*Task to complete*:
Copy each line below that includes "occurrences".

(Dataset entries)
+ + + + +
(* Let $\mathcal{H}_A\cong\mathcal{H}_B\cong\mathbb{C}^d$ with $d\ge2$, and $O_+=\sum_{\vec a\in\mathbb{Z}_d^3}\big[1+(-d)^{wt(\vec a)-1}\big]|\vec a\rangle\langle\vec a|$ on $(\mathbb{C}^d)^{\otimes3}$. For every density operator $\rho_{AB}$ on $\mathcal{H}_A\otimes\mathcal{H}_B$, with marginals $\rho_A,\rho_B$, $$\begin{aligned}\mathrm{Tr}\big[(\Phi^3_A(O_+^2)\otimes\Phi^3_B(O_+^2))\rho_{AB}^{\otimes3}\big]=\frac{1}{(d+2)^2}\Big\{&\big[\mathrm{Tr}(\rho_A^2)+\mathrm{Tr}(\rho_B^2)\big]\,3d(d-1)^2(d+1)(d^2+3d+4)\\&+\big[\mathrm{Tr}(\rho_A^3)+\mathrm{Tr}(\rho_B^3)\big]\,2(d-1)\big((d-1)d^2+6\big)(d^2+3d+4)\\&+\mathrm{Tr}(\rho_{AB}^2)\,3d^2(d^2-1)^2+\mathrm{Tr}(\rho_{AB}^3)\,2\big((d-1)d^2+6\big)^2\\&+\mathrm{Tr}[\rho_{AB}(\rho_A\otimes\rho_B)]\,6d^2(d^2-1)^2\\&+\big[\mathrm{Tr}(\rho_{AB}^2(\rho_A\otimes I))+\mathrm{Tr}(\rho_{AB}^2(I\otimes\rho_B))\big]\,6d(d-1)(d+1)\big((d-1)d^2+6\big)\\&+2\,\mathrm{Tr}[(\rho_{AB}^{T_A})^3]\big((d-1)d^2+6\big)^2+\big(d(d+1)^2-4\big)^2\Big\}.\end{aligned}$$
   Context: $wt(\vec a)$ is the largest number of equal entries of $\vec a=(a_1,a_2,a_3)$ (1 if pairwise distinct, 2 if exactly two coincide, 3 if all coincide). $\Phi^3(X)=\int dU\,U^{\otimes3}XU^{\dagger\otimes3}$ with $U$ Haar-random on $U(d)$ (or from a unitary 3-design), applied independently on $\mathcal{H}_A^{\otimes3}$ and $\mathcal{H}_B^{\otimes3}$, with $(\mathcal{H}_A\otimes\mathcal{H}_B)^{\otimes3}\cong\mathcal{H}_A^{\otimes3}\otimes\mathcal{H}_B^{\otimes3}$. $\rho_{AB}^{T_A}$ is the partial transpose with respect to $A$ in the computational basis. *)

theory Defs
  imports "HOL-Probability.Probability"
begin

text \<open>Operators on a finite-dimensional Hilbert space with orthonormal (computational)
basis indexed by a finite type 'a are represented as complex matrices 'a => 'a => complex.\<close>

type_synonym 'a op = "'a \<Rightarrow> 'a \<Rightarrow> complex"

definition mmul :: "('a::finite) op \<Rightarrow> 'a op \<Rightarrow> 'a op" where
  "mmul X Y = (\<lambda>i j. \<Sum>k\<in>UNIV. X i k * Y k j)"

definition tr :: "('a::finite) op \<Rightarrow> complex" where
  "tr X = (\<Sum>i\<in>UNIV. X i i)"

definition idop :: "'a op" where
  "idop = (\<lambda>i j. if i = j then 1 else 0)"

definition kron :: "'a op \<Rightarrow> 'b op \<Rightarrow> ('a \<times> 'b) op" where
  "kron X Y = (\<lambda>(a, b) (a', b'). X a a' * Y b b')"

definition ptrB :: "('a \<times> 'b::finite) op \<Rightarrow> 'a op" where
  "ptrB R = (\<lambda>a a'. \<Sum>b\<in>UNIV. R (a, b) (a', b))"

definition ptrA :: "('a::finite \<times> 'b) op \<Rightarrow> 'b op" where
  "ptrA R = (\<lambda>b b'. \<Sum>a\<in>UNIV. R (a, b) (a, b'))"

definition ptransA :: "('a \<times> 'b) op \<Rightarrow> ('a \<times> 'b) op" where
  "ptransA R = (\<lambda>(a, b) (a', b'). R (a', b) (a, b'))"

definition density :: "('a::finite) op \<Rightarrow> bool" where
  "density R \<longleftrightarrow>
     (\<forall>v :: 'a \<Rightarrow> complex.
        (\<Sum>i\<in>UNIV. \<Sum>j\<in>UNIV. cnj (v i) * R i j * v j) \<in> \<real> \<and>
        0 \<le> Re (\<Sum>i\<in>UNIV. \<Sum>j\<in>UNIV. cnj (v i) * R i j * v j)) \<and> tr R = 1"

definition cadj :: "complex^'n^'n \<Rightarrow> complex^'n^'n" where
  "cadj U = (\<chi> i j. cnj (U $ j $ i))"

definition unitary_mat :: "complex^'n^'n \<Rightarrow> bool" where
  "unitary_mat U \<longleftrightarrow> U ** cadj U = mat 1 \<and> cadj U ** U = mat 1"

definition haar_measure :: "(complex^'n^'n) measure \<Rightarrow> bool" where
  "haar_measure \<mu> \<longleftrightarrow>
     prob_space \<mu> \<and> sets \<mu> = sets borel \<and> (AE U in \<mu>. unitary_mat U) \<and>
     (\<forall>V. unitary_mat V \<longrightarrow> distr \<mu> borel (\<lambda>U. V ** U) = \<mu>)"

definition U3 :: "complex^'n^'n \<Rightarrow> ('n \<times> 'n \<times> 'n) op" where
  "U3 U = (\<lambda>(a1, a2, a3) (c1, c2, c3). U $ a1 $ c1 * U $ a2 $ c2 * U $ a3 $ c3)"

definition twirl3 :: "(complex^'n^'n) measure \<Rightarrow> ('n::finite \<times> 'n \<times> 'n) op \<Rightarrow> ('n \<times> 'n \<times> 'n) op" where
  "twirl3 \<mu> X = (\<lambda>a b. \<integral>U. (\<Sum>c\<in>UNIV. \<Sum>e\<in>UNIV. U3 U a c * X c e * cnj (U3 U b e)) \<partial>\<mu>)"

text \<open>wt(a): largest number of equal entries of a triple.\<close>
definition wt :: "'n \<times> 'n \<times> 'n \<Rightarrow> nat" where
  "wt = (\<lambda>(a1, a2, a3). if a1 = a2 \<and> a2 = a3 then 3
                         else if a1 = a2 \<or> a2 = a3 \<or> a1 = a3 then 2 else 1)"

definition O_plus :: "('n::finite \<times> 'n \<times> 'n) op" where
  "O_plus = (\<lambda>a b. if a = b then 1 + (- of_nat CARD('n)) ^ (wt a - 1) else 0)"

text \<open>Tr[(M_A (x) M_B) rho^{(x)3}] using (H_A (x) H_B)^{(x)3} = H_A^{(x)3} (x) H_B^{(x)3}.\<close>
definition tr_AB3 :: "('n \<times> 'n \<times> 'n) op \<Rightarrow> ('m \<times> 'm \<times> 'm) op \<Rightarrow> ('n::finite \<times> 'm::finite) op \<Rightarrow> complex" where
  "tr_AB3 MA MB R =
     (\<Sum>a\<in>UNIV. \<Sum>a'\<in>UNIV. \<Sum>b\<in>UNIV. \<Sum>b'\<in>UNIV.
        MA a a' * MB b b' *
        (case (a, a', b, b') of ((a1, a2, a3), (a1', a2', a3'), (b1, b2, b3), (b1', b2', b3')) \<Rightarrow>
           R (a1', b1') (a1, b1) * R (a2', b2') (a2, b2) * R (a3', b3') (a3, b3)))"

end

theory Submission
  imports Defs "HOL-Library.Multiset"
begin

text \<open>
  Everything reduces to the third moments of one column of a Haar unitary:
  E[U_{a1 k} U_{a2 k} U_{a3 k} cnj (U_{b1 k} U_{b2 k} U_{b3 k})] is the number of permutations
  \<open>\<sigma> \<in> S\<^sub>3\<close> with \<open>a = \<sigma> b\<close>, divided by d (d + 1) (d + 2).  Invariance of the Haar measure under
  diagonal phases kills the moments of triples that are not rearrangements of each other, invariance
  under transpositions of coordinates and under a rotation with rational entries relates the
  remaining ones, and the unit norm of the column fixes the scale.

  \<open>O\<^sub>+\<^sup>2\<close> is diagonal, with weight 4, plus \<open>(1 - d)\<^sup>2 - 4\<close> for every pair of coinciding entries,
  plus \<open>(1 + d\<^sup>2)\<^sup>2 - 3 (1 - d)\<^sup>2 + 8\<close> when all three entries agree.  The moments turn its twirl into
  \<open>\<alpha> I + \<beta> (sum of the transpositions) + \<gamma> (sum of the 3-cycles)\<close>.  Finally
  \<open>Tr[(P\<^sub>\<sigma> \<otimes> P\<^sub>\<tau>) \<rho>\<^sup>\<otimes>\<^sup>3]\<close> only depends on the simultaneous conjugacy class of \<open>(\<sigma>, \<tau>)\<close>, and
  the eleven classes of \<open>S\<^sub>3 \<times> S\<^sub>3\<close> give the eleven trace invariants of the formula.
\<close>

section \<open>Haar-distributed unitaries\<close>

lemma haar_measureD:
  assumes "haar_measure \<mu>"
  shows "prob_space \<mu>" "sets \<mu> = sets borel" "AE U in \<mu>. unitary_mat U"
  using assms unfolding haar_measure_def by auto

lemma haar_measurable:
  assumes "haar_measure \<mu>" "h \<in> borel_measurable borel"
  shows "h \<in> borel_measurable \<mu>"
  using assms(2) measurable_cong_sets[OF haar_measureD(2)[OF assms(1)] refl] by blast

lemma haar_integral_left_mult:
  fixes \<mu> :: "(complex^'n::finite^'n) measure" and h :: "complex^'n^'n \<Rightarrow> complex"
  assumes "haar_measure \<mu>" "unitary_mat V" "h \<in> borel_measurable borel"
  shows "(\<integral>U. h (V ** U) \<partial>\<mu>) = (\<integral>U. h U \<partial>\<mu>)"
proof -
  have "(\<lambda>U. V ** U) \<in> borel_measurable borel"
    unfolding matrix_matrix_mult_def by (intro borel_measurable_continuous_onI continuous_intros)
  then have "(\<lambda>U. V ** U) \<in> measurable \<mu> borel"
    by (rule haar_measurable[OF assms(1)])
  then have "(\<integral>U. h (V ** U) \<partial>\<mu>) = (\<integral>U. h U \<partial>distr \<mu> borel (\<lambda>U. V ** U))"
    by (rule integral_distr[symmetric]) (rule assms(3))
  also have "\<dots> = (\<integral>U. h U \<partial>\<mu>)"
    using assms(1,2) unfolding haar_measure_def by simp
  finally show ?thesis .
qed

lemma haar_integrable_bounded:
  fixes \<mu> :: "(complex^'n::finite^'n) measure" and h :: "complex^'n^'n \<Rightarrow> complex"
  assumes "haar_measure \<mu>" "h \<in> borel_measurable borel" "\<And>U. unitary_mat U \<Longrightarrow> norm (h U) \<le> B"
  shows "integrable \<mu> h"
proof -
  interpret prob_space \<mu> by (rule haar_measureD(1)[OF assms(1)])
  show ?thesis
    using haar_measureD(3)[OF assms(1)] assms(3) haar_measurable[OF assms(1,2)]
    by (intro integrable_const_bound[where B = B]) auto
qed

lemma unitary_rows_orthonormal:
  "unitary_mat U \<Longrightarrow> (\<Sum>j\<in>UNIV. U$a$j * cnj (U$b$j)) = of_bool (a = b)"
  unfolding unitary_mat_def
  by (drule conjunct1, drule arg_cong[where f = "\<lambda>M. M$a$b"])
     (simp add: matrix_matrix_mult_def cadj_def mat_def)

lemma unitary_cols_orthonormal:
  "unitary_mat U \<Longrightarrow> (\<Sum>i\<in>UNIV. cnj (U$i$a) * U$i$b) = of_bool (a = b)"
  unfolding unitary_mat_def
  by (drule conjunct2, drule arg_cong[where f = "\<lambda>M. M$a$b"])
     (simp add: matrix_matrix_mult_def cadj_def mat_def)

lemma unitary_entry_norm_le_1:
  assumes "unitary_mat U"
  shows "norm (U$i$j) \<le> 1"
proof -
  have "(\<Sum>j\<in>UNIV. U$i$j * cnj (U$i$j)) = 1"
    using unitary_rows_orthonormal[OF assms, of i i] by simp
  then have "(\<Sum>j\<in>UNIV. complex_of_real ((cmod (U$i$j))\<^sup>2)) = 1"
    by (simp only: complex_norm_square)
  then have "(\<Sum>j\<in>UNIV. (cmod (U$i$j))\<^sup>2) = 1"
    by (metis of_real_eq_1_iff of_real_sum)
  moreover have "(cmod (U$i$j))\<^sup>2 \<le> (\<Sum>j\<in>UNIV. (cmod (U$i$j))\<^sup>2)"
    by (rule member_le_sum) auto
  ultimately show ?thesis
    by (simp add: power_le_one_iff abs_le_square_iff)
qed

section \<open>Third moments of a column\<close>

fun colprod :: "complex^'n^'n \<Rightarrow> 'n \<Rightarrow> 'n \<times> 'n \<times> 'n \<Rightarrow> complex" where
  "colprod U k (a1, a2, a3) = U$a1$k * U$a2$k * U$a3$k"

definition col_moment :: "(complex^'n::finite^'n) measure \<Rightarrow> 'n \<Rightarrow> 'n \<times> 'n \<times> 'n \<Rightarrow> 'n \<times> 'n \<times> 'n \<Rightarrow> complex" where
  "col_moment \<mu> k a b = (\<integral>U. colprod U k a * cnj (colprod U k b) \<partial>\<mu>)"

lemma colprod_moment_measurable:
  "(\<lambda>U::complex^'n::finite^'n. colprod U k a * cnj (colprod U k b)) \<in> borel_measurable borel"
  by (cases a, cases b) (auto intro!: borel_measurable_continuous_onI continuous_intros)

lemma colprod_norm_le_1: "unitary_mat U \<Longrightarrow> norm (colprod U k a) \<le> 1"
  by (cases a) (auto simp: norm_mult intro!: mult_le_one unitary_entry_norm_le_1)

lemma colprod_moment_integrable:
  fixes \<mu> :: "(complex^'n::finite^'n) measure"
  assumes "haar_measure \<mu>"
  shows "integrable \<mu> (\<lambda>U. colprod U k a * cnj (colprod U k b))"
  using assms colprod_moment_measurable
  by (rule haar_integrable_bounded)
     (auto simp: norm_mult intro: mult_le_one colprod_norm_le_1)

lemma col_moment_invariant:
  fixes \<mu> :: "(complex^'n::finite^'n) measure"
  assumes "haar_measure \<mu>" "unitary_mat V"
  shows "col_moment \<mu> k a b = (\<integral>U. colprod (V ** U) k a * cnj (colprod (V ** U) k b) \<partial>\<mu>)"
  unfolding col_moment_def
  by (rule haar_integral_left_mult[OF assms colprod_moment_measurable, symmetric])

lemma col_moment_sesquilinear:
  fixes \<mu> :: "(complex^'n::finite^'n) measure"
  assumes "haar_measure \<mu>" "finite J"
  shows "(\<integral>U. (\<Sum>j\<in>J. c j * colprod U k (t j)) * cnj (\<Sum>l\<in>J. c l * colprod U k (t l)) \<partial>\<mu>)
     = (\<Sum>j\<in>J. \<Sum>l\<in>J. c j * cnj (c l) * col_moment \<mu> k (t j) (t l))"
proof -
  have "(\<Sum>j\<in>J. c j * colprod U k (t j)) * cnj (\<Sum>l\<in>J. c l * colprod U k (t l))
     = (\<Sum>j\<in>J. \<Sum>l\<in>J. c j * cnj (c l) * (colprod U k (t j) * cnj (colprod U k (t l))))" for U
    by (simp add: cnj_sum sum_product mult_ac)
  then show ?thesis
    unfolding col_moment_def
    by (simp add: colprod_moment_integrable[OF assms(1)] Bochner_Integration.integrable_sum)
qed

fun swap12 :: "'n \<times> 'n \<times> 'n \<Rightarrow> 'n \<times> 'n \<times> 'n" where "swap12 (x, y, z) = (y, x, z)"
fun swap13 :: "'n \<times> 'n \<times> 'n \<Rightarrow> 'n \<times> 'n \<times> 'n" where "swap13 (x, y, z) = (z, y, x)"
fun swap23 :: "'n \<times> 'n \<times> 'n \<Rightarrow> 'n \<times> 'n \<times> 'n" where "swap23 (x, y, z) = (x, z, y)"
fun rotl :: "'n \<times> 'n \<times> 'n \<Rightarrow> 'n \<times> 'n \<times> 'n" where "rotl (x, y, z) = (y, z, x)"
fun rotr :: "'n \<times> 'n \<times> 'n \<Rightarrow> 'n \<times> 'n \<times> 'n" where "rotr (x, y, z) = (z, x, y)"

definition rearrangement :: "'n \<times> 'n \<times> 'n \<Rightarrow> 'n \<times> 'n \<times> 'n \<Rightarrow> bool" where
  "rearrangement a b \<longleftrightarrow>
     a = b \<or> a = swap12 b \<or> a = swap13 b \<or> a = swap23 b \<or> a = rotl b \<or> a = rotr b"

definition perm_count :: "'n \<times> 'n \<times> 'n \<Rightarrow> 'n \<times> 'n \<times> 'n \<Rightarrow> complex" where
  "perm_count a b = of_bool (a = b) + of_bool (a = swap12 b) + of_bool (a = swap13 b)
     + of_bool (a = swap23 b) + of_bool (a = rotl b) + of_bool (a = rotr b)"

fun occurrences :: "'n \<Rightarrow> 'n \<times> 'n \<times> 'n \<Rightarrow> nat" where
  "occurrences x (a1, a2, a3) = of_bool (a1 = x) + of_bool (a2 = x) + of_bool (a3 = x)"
+ + + + +
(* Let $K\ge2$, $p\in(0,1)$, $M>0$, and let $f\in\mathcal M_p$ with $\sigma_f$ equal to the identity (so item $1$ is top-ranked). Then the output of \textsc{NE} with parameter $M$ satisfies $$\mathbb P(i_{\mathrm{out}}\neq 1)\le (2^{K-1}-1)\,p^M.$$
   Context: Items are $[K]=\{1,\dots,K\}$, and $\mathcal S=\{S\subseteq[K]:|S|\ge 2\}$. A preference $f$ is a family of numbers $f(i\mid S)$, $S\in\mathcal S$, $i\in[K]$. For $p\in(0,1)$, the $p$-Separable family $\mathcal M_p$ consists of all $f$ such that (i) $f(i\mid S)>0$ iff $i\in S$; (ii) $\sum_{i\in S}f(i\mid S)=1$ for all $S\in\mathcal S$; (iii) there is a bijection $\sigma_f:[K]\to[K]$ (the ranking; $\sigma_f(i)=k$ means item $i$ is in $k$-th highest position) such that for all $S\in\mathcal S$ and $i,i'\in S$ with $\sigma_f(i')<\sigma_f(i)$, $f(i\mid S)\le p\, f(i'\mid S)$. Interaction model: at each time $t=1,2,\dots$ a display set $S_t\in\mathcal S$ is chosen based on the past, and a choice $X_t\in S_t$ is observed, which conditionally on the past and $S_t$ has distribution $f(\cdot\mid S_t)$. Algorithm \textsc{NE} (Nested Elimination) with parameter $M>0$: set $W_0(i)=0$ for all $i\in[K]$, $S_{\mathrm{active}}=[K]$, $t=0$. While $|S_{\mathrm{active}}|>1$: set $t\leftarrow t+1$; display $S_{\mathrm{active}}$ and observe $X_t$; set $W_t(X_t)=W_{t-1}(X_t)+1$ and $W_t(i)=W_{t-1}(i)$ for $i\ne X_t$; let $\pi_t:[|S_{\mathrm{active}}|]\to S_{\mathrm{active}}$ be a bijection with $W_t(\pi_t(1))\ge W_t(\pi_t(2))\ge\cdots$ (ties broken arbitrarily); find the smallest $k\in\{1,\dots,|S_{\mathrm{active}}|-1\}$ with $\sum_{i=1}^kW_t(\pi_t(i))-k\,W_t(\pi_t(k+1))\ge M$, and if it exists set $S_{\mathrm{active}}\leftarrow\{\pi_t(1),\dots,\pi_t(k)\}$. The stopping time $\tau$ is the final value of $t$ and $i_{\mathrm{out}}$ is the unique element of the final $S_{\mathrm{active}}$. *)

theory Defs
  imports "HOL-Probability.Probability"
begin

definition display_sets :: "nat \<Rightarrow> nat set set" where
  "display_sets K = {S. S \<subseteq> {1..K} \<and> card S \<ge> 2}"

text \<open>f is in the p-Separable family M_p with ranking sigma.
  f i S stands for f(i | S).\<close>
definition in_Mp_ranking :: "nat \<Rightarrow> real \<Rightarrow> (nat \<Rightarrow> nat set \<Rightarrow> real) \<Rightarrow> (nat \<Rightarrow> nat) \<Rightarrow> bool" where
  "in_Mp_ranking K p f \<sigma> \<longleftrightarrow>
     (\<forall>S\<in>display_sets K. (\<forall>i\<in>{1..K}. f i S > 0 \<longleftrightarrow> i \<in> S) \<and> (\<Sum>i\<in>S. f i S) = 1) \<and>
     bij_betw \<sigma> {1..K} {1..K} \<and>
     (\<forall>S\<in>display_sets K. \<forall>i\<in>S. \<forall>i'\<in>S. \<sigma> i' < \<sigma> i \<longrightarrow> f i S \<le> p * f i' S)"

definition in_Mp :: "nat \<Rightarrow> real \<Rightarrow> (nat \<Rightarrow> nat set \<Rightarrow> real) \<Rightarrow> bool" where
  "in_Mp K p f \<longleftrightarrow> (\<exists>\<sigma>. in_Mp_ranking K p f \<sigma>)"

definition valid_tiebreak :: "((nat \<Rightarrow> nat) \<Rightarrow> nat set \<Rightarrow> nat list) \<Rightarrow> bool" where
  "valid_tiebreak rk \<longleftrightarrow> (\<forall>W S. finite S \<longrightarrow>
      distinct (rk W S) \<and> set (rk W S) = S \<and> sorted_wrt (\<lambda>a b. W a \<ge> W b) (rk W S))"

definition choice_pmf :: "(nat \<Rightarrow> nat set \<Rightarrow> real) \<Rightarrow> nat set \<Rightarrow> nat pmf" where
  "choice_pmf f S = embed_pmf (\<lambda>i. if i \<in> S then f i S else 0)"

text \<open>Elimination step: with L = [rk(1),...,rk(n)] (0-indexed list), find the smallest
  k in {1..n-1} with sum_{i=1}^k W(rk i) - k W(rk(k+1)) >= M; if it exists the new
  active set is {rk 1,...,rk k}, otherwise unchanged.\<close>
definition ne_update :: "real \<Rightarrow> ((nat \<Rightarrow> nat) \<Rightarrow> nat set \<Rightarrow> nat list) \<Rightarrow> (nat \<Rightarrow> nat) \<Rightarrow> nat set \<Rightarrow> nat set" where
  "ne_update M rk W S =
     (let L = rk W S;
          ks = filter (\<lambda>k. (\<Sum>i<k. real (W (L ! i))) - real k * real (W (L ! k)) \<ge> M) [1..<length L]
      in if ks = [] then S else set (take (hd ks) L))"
+ + + + +
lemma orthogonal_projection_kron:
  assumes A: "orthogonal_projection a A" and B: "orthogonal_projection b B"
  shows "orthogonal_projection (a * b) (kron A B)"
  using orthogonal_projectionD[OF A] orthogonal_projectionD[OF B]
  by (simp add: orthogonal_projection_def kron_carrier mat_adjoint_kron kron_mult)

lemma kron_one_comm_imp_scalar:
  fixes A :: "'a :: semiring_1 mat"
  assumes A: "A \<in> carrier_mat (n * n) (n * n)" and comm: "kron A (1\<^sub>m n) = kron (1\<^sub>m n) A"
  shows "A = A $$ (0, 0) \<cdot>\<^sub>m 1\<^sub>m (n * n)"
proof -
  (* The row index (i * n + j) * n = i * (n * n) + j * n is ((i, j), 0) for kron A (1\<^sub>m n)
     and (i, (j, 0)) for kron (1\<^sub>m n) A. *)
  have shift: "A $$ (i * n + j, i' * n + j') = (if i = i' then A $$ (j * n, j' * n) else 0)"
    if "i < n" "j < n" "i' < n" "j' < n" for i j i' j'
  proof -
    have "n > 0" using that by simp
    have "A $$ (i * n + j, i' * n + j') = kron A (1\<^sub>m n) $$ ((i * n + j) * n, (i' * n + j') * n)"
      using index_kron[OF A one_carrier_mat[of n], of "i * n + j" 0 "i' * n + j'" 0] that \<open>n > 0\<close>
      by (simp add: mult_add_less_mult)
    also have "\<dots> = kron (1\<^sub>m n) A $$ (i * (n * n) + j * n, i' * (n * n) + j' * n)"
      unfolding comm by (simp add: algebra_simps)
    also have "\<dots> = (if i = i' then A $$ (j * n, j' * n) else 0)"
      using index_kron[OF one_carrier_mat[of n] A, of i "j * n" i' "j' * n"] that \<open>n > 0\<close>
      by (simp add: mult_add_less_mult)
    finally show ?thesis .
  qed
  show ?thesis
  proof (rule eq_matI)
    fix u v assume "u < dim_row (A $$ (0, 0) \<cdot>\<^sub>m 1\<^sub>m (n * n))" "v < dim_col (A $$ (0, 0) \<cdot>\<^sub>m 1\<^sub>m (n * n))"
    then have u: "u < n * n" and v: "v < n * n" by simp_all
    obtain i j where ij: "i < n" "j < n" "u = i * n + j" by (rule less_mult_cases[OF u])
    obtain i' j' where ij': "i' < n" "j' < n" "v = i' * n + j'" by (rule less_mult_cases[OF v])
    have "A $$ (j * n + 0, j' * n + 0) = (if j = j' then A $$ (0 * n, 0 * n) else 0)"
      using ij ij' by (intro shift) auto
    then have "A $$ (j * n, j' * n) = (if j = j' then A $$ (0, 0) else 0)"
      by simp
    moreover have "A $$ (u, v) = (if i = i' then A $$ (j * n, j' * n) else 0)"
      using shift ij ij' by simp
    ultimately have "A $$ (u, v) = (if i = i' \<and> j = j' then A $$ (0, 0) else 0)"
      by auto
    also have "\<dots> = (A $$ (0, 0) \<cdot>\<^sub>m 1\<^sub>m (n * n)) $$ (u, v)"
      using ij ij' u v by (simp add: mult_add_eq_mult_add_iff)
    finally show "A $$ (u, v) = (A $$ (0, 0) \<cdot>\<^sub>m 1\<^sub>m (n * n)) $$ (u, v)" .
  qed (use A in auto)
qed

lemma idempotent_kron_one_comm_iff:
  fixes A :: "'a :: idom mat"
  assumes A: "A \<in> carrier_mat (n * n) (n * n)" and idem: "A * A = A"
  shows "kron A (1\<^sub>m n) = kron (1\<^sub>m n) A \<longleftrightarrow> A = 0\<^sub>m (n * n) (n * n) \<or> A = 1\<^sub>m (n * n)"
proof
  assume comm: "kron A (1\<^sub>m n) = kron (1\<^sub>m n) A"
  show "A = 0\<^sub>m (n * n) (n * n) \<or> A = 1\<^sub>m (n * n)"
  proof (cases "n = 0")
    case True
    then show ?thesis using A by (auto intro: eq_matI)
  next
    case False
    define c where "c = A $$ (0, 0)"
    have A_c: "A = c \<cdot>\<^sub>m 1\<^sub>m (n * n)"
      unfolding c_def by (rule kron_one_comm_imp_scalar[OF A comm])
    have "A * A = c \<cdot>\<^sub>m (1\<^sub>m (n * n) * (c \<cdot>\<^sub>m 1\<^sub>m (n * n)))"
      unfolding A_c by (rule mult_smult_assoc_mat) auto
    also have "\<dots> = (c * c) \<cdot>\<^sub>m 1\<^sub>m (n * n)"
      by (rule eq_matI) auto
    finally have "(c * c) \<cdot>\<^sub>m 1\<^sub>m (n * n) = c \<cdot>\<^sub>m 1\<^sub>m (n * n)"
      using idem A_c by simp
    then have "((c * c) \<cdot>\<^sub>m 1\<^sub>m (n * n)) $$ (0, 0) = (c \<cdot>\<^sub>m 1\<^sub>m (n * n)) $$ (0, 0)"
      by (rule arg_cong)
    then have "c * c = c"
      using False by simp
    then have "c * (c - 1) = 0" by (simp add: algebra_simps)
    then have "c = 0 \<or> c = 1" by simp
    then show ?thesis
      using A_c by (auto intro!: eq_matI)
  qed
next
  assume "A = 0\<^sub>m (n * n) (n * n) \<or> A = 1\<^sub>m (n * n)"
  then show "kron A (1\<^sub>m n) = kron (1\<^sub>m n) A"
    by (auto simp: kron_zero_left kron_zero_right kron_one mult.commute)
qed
+ + + + +
*Answer below*:
fun occurrences :: "'n \<Rightarrow> 'n \<times> 'n \<times> 'n \<Rightarrow> nat" where
  "occurrences x (a1, a2, a3) = of_bool (a1 = x) + of_bool (a2 = x) + of_bool (a3 = x)"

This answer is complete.